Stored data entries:
# # # # # # #

lemma adjoint_mat_1: "adjoint (mat 1) = mat 1"
  by (simp add: adjoint_def vec_eq_iff mat_def)

lemma mpow_Suc_right: "mpow A (Suc k) = mpow A k ** A"
  by (induction k) (auto simp: matrix_mul_assoc)

lemma mpow_add: "mpow A (p + q) = mpow A p ** mpow A q"
  by (induction p) (auto simp: matrix_mul_assoc)

lemma mpow_cmat_scale: "mpow (cmat_scale c A) k = cmat_scale (c ^ k) (mpow A k)"
  by (induction k) (auto simp: mult.commute)

lemma norm_mpow_le: "norm (mpow A k) \<le> norm (mat 1 :: complex^'n^'n) * norm (A :: complex^'n^'n) ^ k"
proof (induction k)
  case (Suc k)
  have "norm (mpow A (Suc k)) \<le> norm A * norm (mpow A k)"
    using norm_matrix_mult_le by simp
  also have "\<dots> \<le> norm A * (norm (mat 1 :: complex^'n^'n) * norm A ^ k)"
    by (intro mult_left_mono Suc.IH) simp
  finally show ?case
    by (simp add: mult_ac)
qed simp

lemma adjoint_mpow: "hermitian A \<Longrightarrow> adjoint (mpow A k) = mpow A k"
  unfolding hermitian_def
  by (induction k) (auto simp: adjoint_mat_1 adjoint_matrix_mult mpow_Suc_right[symmetric])

lemma cmat_scale_sum_left: "cmat_scale (sum f S) A = (\<Sum>x\<in>S. cmat_scale (f x) A)"
  by (simp add: vec_eq_iff sum_distrib_right)

section \<open>Matrix exponential series\<close>

lemma sums_vecI: "(\<And>i. (\<lambda>n. f n $ i) sums (l $ i)) \<Longrightarrow> f sums l"
  unfolding sums_def by (intro vec_tendstoI) simp

lemma sums_vec_nth:
  fixes f :: "nat \<Rightarrow> 'a::real_normed_vector^'n"
  shows "f sums l \<Longrightarrow> (\<lambda>n. f n $ i) sums (l $ i)"
  using bounded_linear.sums[OF bounded_linear_vec_nth] .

# # # # # # #

▸ EXERCISE BRIEF
From the line that contains "unfolding sums_def by" through the final line of the entries above, every line must be reproduced exactly and nothing more.

▸ EXPECTED OUTPUT
  unfolding sums_def by (intro vec_tendstoI) simp

lemma sums_vec_nth:
  fixes f :: "nat \<Rightarrow> 'a::real_normed_vector^'n"
  shows "f sums l \<Longrightarrow> (\<lambda>n. f n $ i) sums (l $ i)"
  using bounded_linear.sums[OF bounded_linear_vec_nth] .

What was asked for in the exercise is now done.